Однако случилось иначе. Двадцать третьего августа Павлов принял решение перебросить два отряда – 1-й истребительный и 23-й – юго-западнее, на станцию Алексеевка, чтобы быть поближе к линии фронта. На следующий день Рудольфа, который помогал грузить снятое для полетов отрядное имущество обратно на платформы их эшелона, вызвали в штабной вагон. Наскоро вытерев руки ветошью, он пошел вдоль состава, принюхиваясь к запахам дегтя и варившейся на обед каши. Ефимова в вагоне не было, а сидел там мрачный Сергей Хорьков и задумчивый Николай Лазуткин.

– Ну вот что, товарищ Калнин, – голос Сергея был строг и официален, что Рудольфа сильно встревожило. – Есть у меня для тебя два сообщения. Во-первых. Меня из отряда отзывают.

– В авиашколу? Получилось? – Рудольф улыбнулся.

– Нет… – Хорьков нахмурился и покачал головой. – В распоряжение Начавиаюжфронта. В Козлов.

– Понятно, – кивнул Рудольф, которому, конечно, понятно было далеко не все. Разве что, по реакции Сергея, можно было догадаться: летчиком тому пока что стать не светит.

– Теперь второе. – Хорьков внимательно посмотрел на Рудольфа и усмехнулся. – Ты назначаешься временно командующим отрядом.

Рудольфу показалось, что он ослышался. Он, конечно, был уже комиссаром авиадивизии и за 1917-й год хорошо понял, как управляется авиаотряд. Однако себя на эту роль он никогда не примерял. По одной простой причине, которую и озвучил:

– Но… Сергей… Я же не летчик!

– Ты летчик-наблюдатель с боевым опытом, – Хорьков покачал головой. – Знаешь, как отряд устроен, людей знаешь. Другого кандидата сейчас нет.

– А Ефим Филипцев? – Рудольф все пытался найти причину, чтобы отказаться. Не потому, что боялся, – просто не считал себя достойным.

– Ефим хороший летчик. И Илья Сатунин тоже. Но ты же сам прекрасно знаешь, чем начальник отряда отличается от обычного пилота. Ты мне в 1917-м году своим Калашниковым все уши прожужжал. Вот и будь достоин его памяти.

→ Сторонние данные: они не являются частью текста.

(* Let $(\Omega,\mathcal{F},\mathbb{P})$ be a probability space with a filtration $\{\mathcal{F}_n\}_{n=0}^\infty$, let $U$ be a stopping time with respect to $\{\mathcal{F}_n\}_{n=0}^\infty$, and let $\{X_n\}_{n=0}^\infty$ be a martingale (resp. supermartingale) adapted to $\{\mathcal{F}_n\}_{n=0}^\infty$. Put $Y=X_U$. Suppose there exist real numbers $M,c_1,c_2,d>0$ such that (i) for all sufficiently large $n\in\mathbb{N}$, $\mathbb{P}(U>n)\le c_1\cdot e^{-c_2\cdot n}$, and (ii) for all $n\in\mathbb{N}$, $|X_{n+1}-X_n|\le M\cdot n^d$ almost surely. Then $\mathbb{E}(|Y|)<\infty$ and $\mathbb{E}(Y)=\mathbb{E}(X_0)$ (resp. $\mathbb{E}(Y)\le\mathbb{E}(X_0)$).
   Context: A stopping time with respect to $\{\mathcal{F}_n\}$ is a random variable $U:\Omega\to\mathbb{N}\cup\{0,\infty\}$ with $\{U\le n\}\in\mathcal{F}_n$ for all $n$. A process $\{X_n\}$ adapted to $\{\mathcal{F}_n\}$ is a martingale (resp. supermartingale) if $\mathbb{E}(|X_n|)<\infty$ for all $n$ and $\mathbb{E}(X_{n+1}\mid\mathcal{F}_n)=X_n$ (resp. $\le X_n$) almost surely. $X_U$ denotes the random variable $\omega\mapsto X_{U(\omega)}(\omega)$ (well defined almost surely, since condition (i) implies $U<\infty$ a.s.). *)

theory Defs
  imports "HOL-Probability.Probability"
begin

definition nat_filtration :: "'a measure \<Rightarrow> (nat \<Rightarrow> 'a measure) \<Rightarrow> bool" where
  "nat_filtration M F \<longleftrightarrow> (\<forall>n. subalgebra M (F n)) \<and> (\<forall>n m. n \<le> m \<longrightarrow> sets (F n) \<subseteq> sets (F m))"

definition enat_stopping_time :: "'a measure \<Rightarrow> (nat \<Rightarrow> 'a measure) \<Rightarrow> ('a \<Rightarrow> enat) \<Rightarrow> bool" where
  "enat_stopping_time M F U \<longleftrightarrow> (\<forall>n. {x \<in> space M. U x \<le> enat n} \<in> sets (F n))"

definition adapted :: "(nat \<Rightarrow> 'a measure) \<Rightarrow> (nat \<Rightarrow> 'a \<Rightarrow> real) \<Rightarrow> bool" where
  "adapted F X \<longleftrightarrow> (\<forall>n. X n \<in> borel_measurable (F n))"

definition martingale :: "'a measure \<Rightarrow> (nat \<Rightarrow> 'a measure) \<Rightarrow> (nat \<Rightarrow> 'a \<Rightarrow> real) \<Rightarrow> bool" where
  "martingale M F X \<longleftrightarrow> adapted F X \<and> (\<forall>n. integrable M (X n)) \<and>
     (\<forall>n. AE x in M. real_cond_exp M (F n) (X (Suc n)) x = X n x)"

definition supermartingale :: "'a measure \<Rightarrow> (nat \<Rightarrow> 'a measure) \<Rightarrow> (nat \<Rightarrow> 'a \<Rightarrow> real) \<Rightarrow> bool" where
  "supermartingale M F X \<longleftrightarrow> adapted F X \<and> (\<forall>n. integrable M (X n)) \<and>
     (\<forall>n. AE x in M. real_cond_exp M (F n) (X (Suc n)) x \<le> X n x)"

text \<open>The stopped value X_U (arbitrary where U = \<infinity>, a null set under the hypotheses).\<close>
definition stopped_value :: "(nat \<Rightarrow> 'a \<Rightarrow> real) \<Rightarrow> ('a \<Rightarrow> enat) \<Rightarrow> 'a \<Rightarrow> real" where
  "stopped_value X U = (\<lambda>x. X (the_enat (U x)) x)"

end

theory Submission
  imports Defs "HOL-Real_Asymp.Real_Asymp"
begin

text \<open>
  On \<open>{U < \<infinity>}\<close>, which has full measure, \<open>X\<^sub>U - X\<^sub>0\<close> is the finite telescoping sum of
  the increments \<open>(X\<^sub>k\<^sub>+\<^sub>1 - X\<^sub>k) \<cdot> 1{U > k}\<close> of the stopped process. The \<open>k\<close>-th increment has
  \<open>L\<^sup>1\<close>-norm at most \<open>K k\<^sup>d P(U > k)\<close>, which decays exponentially, so the series may be
  integrated termwise. As \<open>{U > k}\<close> is \<open>F\<^sub>k\<close>-measurable, the (super)martingale property gives
  each increment integral \<open>0\<close> (resp. \<open>\<le> 0\<close>).
\<close>

lemma summable_powr_mult_exp_neg:
  fixes c d :: real
  assumes "c > 0"
  shows "summable (\<lambda>k::nat. real k powr d * exp (- c * real k))"
proof (rule summable_comparison_test_ev)
  have "eventually (\<lambda>k::nat. real k powr d * exp (- c * real k) \<le> 1 / real k ^ 2) sequentially"
    using assms by real_asymp
  then show "eventually (\<lambda>k. norm (real k powr d * exp (- c * real k)) \<le> inverse (real k ^ 2)) sequentially"
    by eventually_elim (simp add: field_simps)
  show "summable (\<lambda>k::nat. inverse (real k ^ 2))"
    by (rule inverse_power_summable) simp
qed

lemma enat_stopping_time_measurable:
  assumes "nat_filtration M F" and "enat_stopping_time M F U"
  shows "U \<in> M \<rightarrow>\<^sub>M count_space UNIV"
proof -
  have le: "{x \<in> space M. U x \<le> enat n} \<in> sets M" for n
    using assms by (auto simp: nat_filtration_def enat_stopping_time_def subalgebra_def)
  have "U x = enat n \<longleftrightarrow> U x \<le> enat n \<and> (\<forall>m<n. \<not> U x \<le> enat m)" for x n
    by (cases "U x") (auto simp: not_le le_less)
  then have "{x \<in> space M. U x = enat n} =
      {x \<in> space M. U x \<le> enat n} - (\<Union>m<n. {x \<in> space M. U x \<le> enat m})" for n
    by blast
  then have fin: "{x \<in> space M. U x = enat n} \<in> sets M" for n
    using le by auto
  have "{x \<in> space M. U x = \<infinity>} = space M - (\<Union>n. {x \<in> space M. U x = enat n})"
    by auto
  then have inf: "{x \<in> space M. U x = \<infinity>} \<in> sets M"
    using fin by auto
  show ?thesis
    unfolding measurable_count_space_eq2_countable
  proof safe
    fix a :: enat
    show "U -` {a} \<inter> space M \<in> sets M"
      using fin inf by (cases a) (auto simp: vimage_def Int_def conj_commute)
  qed simp
qed

lemma enat_stopping_time_greater_sets:
  assumes "nat_filtration M F" and "enat_stopping_time M F U"
  shows "{x \<in> space M. enat k < U x} \<in> sets (F k)"
proof -
  have "{x \<in> space M. enat k < U x} = space (F k) - {x \<in> space M. U x \<le> enat k}"
    using assms(1) by (auto simp: nat_filtration_def subalgebra_def not_le)
  then show ?thesis
    using assms(2) by (auto simp: enat_stopping_time_def)
qed

lemma AE_enat_finite_if_tail_tendsto_0:
  assumes "finite_measure M" and "U \<in> M \<rightarrow>\<^sub>M count_space UNIV"
    and "(\<lambda>n. measure M {x \<in> space M. enat n < U x}) \<longlonglongrightarrow> 0"
  shows "AE x in M. U x \<noteq> \<infinity>"
proof -
  interpret finite_measure M by fact
  have [measurable]: "U \<in> M \<rightarrow>\<^sub>M count_space UNIV" by fact
  have "measure M {x \<in> space M. U x = \<infinity>} \<le> measure M {x \<in> space M. enat n < U x}" for n
    by (intro finite_measure_mono) auto
  then have "measure M {x \<in> space M. U x = \<infinity>} \<le> 0"
    by (intro LIMSEQ_le_const[OF assms(3)]) auto
  then show ?thesis
    by (subst AE_iff_measurable[of "{x \<in> space M. U x = \<infinity>}"]) (auto simp: emeasure_eq_measure measure_le_0_iff)
qed

definition stopped_increment :: "(nat \<Rightarrow> 'a \<Rightarrow> real) \<Rightarrow> ('a \<Rightarrow> enat) \<Rightarrow> nat \<Rightarrow> 'a \<Rightarrow> real" where
  "stopped_increment X U k x = (if enat k < U x then X (Suc k) x - X k x else 0)"

lemma stopped_increment_eq_indicator:
  "stopped_increment X U k x =
     (X (Suc k) x - X k x) * indicator {x \<in> space M. enat k < U x} x"
  if "x \<in> space M"
  using that by (simp add: stopped_increment_def indicator_def)

lemma stopped_increment_sums:
  assumes "U x = enat m"
  shows "(\<lambda>k. stopped_increment X U k x) sums (stopped_value X U x - X 0 x)"
proof -
  have "(\<lambda>k. stopped_increment X U k x) sums (\<Sum>k<m. stopped_increment X U k x)"
    by (rule sums_finite) (auto simp: stopped_increment_def assms)
  also have "(\<Sum>k<m. stopped_increment X U k x) = (\<Sum>k<m. X (Suc k) x - X k x)"
    by (simp add: stopped_increment_def assms)
  also have "\<dots> = stopped_value X U x - X 0 x"
    by (simp add: sum_lessThan_telescope[of "\<lambda>k. X k x"] stopped_value_def assms)
  finally show ?thesis .
qed

lemma integrable_stopped_increment:
  assumes [measurable]: "U \<in> M \<rightarrow>\<^sub>M count_space UNIV"
    and "integrable M (X k)" and "integrable M (X (Suc k))"
  shows "integrable M (stopped_increment X U k)"
proof -
  have "{x \<in> space M. enat k < U x} \<in> sets M" by measurable
  then have "integrable M (\<lambda>x. (X (Suc k) x - X k x) * indicator {x \<in> space M. enat k < U x} x)"
    using assms by (intro integrable_real_mult_indicator Bochner_Integration.integrable_diff)
  then show ?thesis
    by (simp add: Bochner_Integration.integrable_cong[OF refl stopped_increment_eq_indicator])
qed

lemma integral_abs_stopped_increment_le:
  assumes "finite_measure M" and [measurable]: "U \<in> M \<rightarrow>\<^sub>M count_space UNIV"
    and "integrable M (X k)" and "integrable M (X (Suc k))"
    and "AE x in M. \<bar>X (Suc k) x - X k x\<bar> \<le> B"
  shows "(\<integral>x. \<bar>stopped_increment X U k x\<bar> \<partial>M) \<le> B * measure M {x \<in> space M. enat k < U x}"
proof -
  interpret finite_measure M by fact
  have A: "{x \<in> space M. enat k < U x} \<in> sets M" by measurable
  have "(\<integral>x. \<bar>stopped_increment X U k x\<bar> \<partial>M) \<le> (\<integral>x. B * indicator {x \<in> space M. enat k < U x} x \<partial>M)"
    using assms(5) A
    by (intro integral_mono_AE integrable_abs integrable_stopped_increment assms integrable_real_mult_indicator)
       (auto simp: stopped_increment_def split: split_indicator elim!: eventually_mono)
  also have "\<dots> = B * measure M {x \<in> space M. enat k < U x}"
    using A by simp
  finally show ?thesis .
qed

lemma nat_filtration_sigma_finite_subalgebra:
  assumes "prob_space M" and "nat_filtration M F"
  shows "sigma_finite_subalgebra M (F n)"
proof -
  interpret prob_space M by fact
  show ?thesis
    using assms(2)
    by (intro finite_measure_subalgebra_is_sigma_finite)
       (simp add: finite_measure_subalgebra_def finite_measure_subalgebra_axioms_def
          nat_filtration_def finite_measure_axioms)
qed
lemma discrete_kernel_in_Kg:
  fixes g :: "'a::euclidean_space \<Rightarrow> real"
  assumes U: "finite U" and p: "\<And>z. z \<in> U \<Longrightarrow> p z \<noteq> 0"
    and g: "g \<in> borel_measurable borel"
    and c: "\<And>z. z \<in> U \<Longrightarrow> c z \<in> borel_measurable borel" "\<And>z x. z \<in> U \<Longrightarrow> 0 \<le> c z x"
    and sup: "(SUP x. \<Sum>z\<in>U. ennreal (c z x) * ennreal (g (p z))) < \<infinity>"
  shows "discrete_kernel U p c \<in> Kg g"
  unfolding Kg_def
proof (intro CollectI conjI allI impI)
  show "radon0 (discrete_kernel U p c x)" for x by (rule radon0_discrete_kernel[OF U p])
next
  fix f :: "'a \<Rightarrow> real"
  assume "Cc0 f"
  then have "(\<lambda>x. integral\<^sup>L (discrete_kernel U p c x) f) = (\<lambda>x. \<Sum>z\<in>U. c z x * f (p z))"
    using integral_discrete_kernel[OF U Cc0_borel_measurable] c(2) by blast
  then show "(\<lambda>x. integral\<^sup>L (discrete_kernel U p c x) f) \<in> borel_measurable borel"
    using c(1) by simp
next
  show "(SUP x. \<integral>\<^sup>+ y. ennreal (g y) \<partial>discrete_kernel U p c x) < \<infinity>"
    using sup g by (simp add: nn_integral_discrete_kernel[OF U])
next
  show "((\<lambda>R. SUP x\<in>K. emeasure (discrete_kernel U p c x) {y. norm y > R}) \<longlongrightarrow> 0) at_top" for K
    using tails_discrete_kernel[OF U, where I=UNIV and c="\<lambda>_. c"] by simp
qed
(* Let $n_1,\dots,n_s\ge0$, $A=\mathrm{diag}(\mathbb{J}_{1,n_1}(0),\dots,\mathbb{J}_{s,n_s}(0))$, and let $B$ satisfy $AB+BA=0$. Write $B=(B_{ij})_{1\le i,j\le s}$ in the block form of $A$ ($B_{ij}$ of size $in_i\times jn_j$), so that $B_{ij}=\mathrm{LB}^-(i,j,(B^{(1)}_{ij},\dots,B^{(\min(i,j))}_{ij}))$ with $n_i\times n_j$ matrices $B^{(k)}_{ij}$. Then: (1) $B$ is similar to a block upper-triangular matrix whose diagonal blocks are, up to order, the matrices $B^{(1)}_{ii}$ (each appearing $\lceil i/2\rceil$ times) and $-B^{(1)}_{ii}$ (each appearing $\lfloor i/2\rfloor$ times), $1\le i\le s$; (2) $\chi^B(X)=\prod_{i=1}^s\chi^{B_{ii}}(X)$; (3) $\chi^B(X)=\prod_{i=1}^s\big(\chi^{B^{(1)}_{ii}}(X)\big)^{\lceil i/2\rceil}\big(\chi^{-B^{(1)}_{ii}}(X)\big)^{\lfloor i/2\rfloor}$.
   Context: $\chi^M(X)$ is the characteristic polynomial of a square matrix $M$. $\mathbb{J}_{i,k}(0)$ is the $i\times i$ block matrix with $k\times k$ blocks whose $(l,l+1)$ blocks are $I_k$ ($1\le l\le i-1$) and all other blocks $0$. For matrices $C_1,\dots,C_k$ of the same size, $k=\min(s,t)$, the $s\times t$ block matrix $\mathrm{LB}^-(s,t,(C_1,\dots,C_k))$ is: if $s\ge t$, block $(i,j)$ is $(-1)^{i-1}C_{j-i+1}$ for $1\le i\le j\le t$ and $0$ otherwise; if $s\le t$, block $(i,t-s+j)$ is $(-1)^{i-1}C_{j-i+1}$ for $1\le i\le j\le s$ and all other blocks are $0$. (Every $B$ anti-commuting with $A$ has this block form.) *)

theory Defs
  imports "Jordan_Normal_Form.Jordan_Normal_Form" "HOL-Library.Multiset"
begin

text \<open>The i x i block matrix with k x k blocks, identity blocks at block
positions (l,l+1), zero elsewhere; i.e. entry (r,c) is 1 iff c = r + k.\<close>
definition J_blk :: "nat \<Rightarrow> nat \<Rightarrow> 'a :: {zero,one} mat" where
  "J_blk i k = mat (i*k) (i*k) (\<lambda>(r,c). if c = r + k then 1 else 0)"

definition A_mat :: "nat \<Rightarrow> (nat \<Rightarrow> nat) \<Rightarrow> 'a :: {zero,one} mat" where
  "A_mat s n = diag_block_mat (map (\<lambda>i. J_blk i (n i)) [1..<s+1])"

definition tot_size :: "nat \<Rightarrow> (nat \<Rightarrow> nat) \<Rightarrow> nat" where
  "tot_size s n = (\<Sum>i\<in>{1..s}. i * n i)"

definition blk_off :: "(nat \<Rightarrow> nat) \<Rightarrow> nat \<Rightarrow> nat" where
  "blk_off n i = (\<Sum>j\<in>{1..<i}. j * n j)"

definition blk :: "'a mat \<Rightarrow> nat \<Rightarrow> nat \<Rightarrow> nat \<Rightarrow> nat \<Rightarrow> 'a mat" where
  "blk M r c h w = mat h w (\<lambda>(i,j). M $$ (r+i, c+j))"

text \<open>Diagonal block B_ii (size i n_i) and B_ii^(1) (its top-left n_i x n_i block).\<close>
definition B_diag :: "'a mat \<Rightarrow> (nat \<Rightarrow> nat) \<Rightarrow> nat \<Rightarrow> 'a mat" where
  "B_diag B n i = blk B (blk_off n i) (blk_off n i) (i * n i) (i * n i)"

definition B_one :: "'a mat \<Rightarrow> (nat \<Rightarrow> nat) \<Rightarrow> nat \<Rightarrow> 'a mat" where
  "B_one B n i = blk B (blk_off n i) (blk_off n i) (n i) (n i)"

definition block_upper_tri :: "'a :: zero mat \<Rightarrow> 'a mat list \<Rightarrow> bool" where
  "block_upper_tri T Ds \<longleftrightarrow>
     (\<forall>D\<in>set Ds. D \<in> carrier_mat (dim_row D) (dim_row D)) \<and>
     (let d = \<lambda>p. dim_row (Ds ! p); ofs = \<lambda>p. sum_list (map dim_row (take p Ds)) in
       T \<in> carrier_mat (sum_list (map dim_row Ds)) (sum_list (map dim_row Ds)) \<and>
       (\<forall>p<length Ds. blk T (ofs p) (ofs p) (d p) (d p) = Ds ! p) \<and>
       (\<forall>p<length Ds. \<forall>q<p. blk T (ofs p) (ofs q) (d p) (d q) = 0\<^sub>m (d p) (d q)))"

end

theory Submission
  imports Defs
begin

(* Index the rows and columns of A by triples (i, l, a): coordinate a of the sub-block l of the
   diagonal block J_{i,n_i}(0). Entrywise, A B + B A = 0 says that shifting both sub-block indices
   by one flips the sign of an entry of B, and that B vanishes on the first sub-block column and
   the last sub-block row of every block. Hence B(i,l,a; j,m,c) = 0 unless l <= m and
   l + j <= m + i, and B(i,l,a; i,l,c) = (-1)^l B^(1)_ii(a,c). Listing the sub-blocks (i, l) by
   increasing 2 l - i therefore conjugates B by a permutation into a block upper triangular matrix
   with diagonal blocks (-1)^l B^(1)_ii, which gives (1) and (3). The diagonal block B_ii satisfies
   the same relations for the single block i, so (3) applied to it gives (2). *)

lemma sum_list_take_nth_le:
  assumes "p < length xs"
  shows "sum_list (map f (take p xs)) + f (xs ! p) \<le> sum_list (map f xs :: nat list)"
proof -
  have "take (Suc p) xs = take p xs @ [xs ! p]"
    using assms by (simp add: take_Suc_conv_app_nth)
  then have "sum_list (map f (take p xs)) + f (xs ! p) = sum_list (map f (take (Suc p) xs))"
    by simp
  also have "\<dots> \<le> sum_list (map f xs)"
    by (metis append_take_drop_id le_add1 map_append sum_list_append)
  finally show ?thesis .
qed

lemma obtain_block_containing:
  assumes "(r :: nat) < sum_list (map f xs)"
  obtains p where "p < length xs" "sum_list (map f (take p xs)) \<le> r"
    "r < sum_list (map f (take p xs)) + f (xs ! p)"
proof -
  have "\<exists>p < length xs. sum_list (map f (take p xs)) \<le> r \<and> r < sum_list (map f (take p xs)) + f (xs ! p)"
    using assms
  proof (induction xs arbitrary: r)
    case (Cons x xs)
    show ?case
    proof (cases "r < f x")
      case True
      then show ?thesis by (intro exI[of _ 0]) simp
    next
      case False
      then have "r - f x < sum_list (map f xs)" using Cons.prems by simp
      then obtain p where "p < length xs" "sum_list (map f (take p xs)) \<le> r - f x"
        "r - f x < sum_list (map f (take p xs)) + f (xs ! p)"
        using Cons.IH by blast
      then show ?thesis using False by (intro exI[of _ "Suc p"]) auto
    qed
  qed simp
  then show thesis using that by blast
qed
lemma map_ghost_map: "x \<in> stm_carrier U \<Longrightarrow> \<psi> (ghost_map U x) = ghost_map Y (\<psi> x)"
  using map_mul map_e e_closed by simp

lemma ghosts_image: "ghosts Y = \<psi> ` ghosts U"
  using map_ghost_map by (auto simp: ghosts_def carrier_image image_image)

lemma image_mul_closed: "X \<in> stm_carrier Y \<Longrightarrow> Z \<in> stm_carrier Y \<Longrightarrow> stm_mul Y X Z \<in> stm_carrier Y"
  and image_mul_commute: "X \<in> stm_carrier Y \<Longrightarrow> Z \<in> stm_carrier Y \<Longrightarrow> stm_mul Y X Z = stm_mul Y Z X"
  by (auto simp: carrier_image map_mul[symmetric] mul_closed mul_commute)

lemma image_e_closed: "stm_e Y \<in> stm_carrier Y"
  using map_closed[OF e_closed] map_e by simp

lemma image_ghosts_subset_carrier: "ghosts Y \<subseteq> stm_carrier Y"
  using ghosts_image ghosts_subset_carrier map_closed by auto

lemma image_ghost_map_ghost:
  assumes "G \<in> ghosts Y"
  shows "ghost_map Y G = G"
proof -
  obtain g where "g \<in> ghosts U" and "G = \<psi> g"
    using assms ghosts_image by auto
  then show ?thesis
    using map_ghost_map[of g] ghost_map_ghost[of g] ghosts_subset_carrier by auto
qed

lemma transmission: "transmission U Y \<psi>"
  unfolding transmission_def using map_closed map_mul map_zero map_one map_e map_mono by blast

end

lemma (in supertropical) stm_image_of_if_image:
  fixes Y :: "('b, 'n) stm_scheme"
  shows "stm_image U Y \<psi> \<Longrightarrow> stm_image_of U Y \<psi>"
  by (rule stm_image_of.intro[OF supertropical_axioms]) (simp add: stm_image_of_axioms_def)

section \<open>Quotients of images\<close>

definition mul_congruence :: "('a, 'm) stm_scheme \<Rightarrow> ('a \<Rightarrow> 'a \<Rightarrow> bool) \<Rightarrow> bool" where
  "mul_congruence Y r \<longleftrightarrow>
     (\<forall>x\<in>stm_carrier Y. r x x) \<and>
     (\<forall>x\<in>stm_carrier Y. \<forall>y\<in>stm_carrier Y. r x y \<longrightarrow> r y x) \<and>
     (\<forall>x\<in>stm_carrier Y. \<forall>y\<in>stm_carrier Y. \<forall>z\<in>stm_carrier Y. r x y \<and> r y z \<longrightarrow> r x z) \<and>
     (\<forall>x\<in>stm_carrier Y. \<forall>y\<in>stm_carrier Y. \<forall>z\<in>stm_carrier Y.
        r x y \<longrightarrow> r (stm_mul Y x z) (stm_mul Y y z))"

lemma mul_congruence_if_MFCE: "MFCE Y r \<Longrightarrow> mul_congruence Y r"
  unfolding MFCE_def mul_congruence_def by blast

context
  fixes Y :: "('a, 'm) stm_scheme" and r :: "'a \<Rightarrow> 'a \<Rightarrow> bool"
  assumes r: "mul_congruence Y r"
begin

lemma cls_self: "x \<in> stm_carrier Y \<Longrightarrow> x \<in> cls Y r x"
  using r unfolding mul_congruence_def cls_def by blast

lemma cls_eq_iff:
  assumes x: "x \<in> stm_carrier Y" and y: "y \<in> stm_carrier Y"
  shows "cls Y r x = cls Y r y \<longleftrightarrow> r x y"
proof
  assume "cls Y r x = cls Y r y"
  then have "y \<in> cls Y r x"
    using cls_self[OF y] by simp
  then show "r x y"
    by (simp add: cls_def)
next
  assume "r x y"
  then show "cls Y r x = cls Y r y"
    using r x y unfolding mul_congruence_def cls_def by blast
qed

– Сергей… – Рудольф прижал руки к груди и, задохнувшись, молча смотрел на Хорькова. В ушах у него слегка звенело. Тело наполняла пустота. Он чувствовал себя словно набитым ватой изнутри: ножки-ручки мягкие, вот-вот подогнутся. Потом это прошло. Он стал думать, что бы сделал на его месте поручик Калашников – в первую очередь. Или Сергей Островидов. Или сам Хорьков…

– Вот-вот, – Хорьков кивнул, словно услышав мысли Рудольфа. – Мы с тобой в Красной армии, и мы на войне. Приказы нужно исполнять. И я тоже стал командиром отряда, ничего такого не умея. И тоже боялся. Все у тебя получится. А Николай поможет.

Тут Хорьков хлопнул Лазуткина по плечу, тот скорчил гримаску, блеснув стеклышками пенсне.

– Главное труса не празднуй, товарищ Калнин. – Лазуткин стал комиссаром чуть меньше месяца назад, а потому старался выглядеть солидно. – Коммунистическая ячейка тебе поможет. Ребята надежные, сам знаешь.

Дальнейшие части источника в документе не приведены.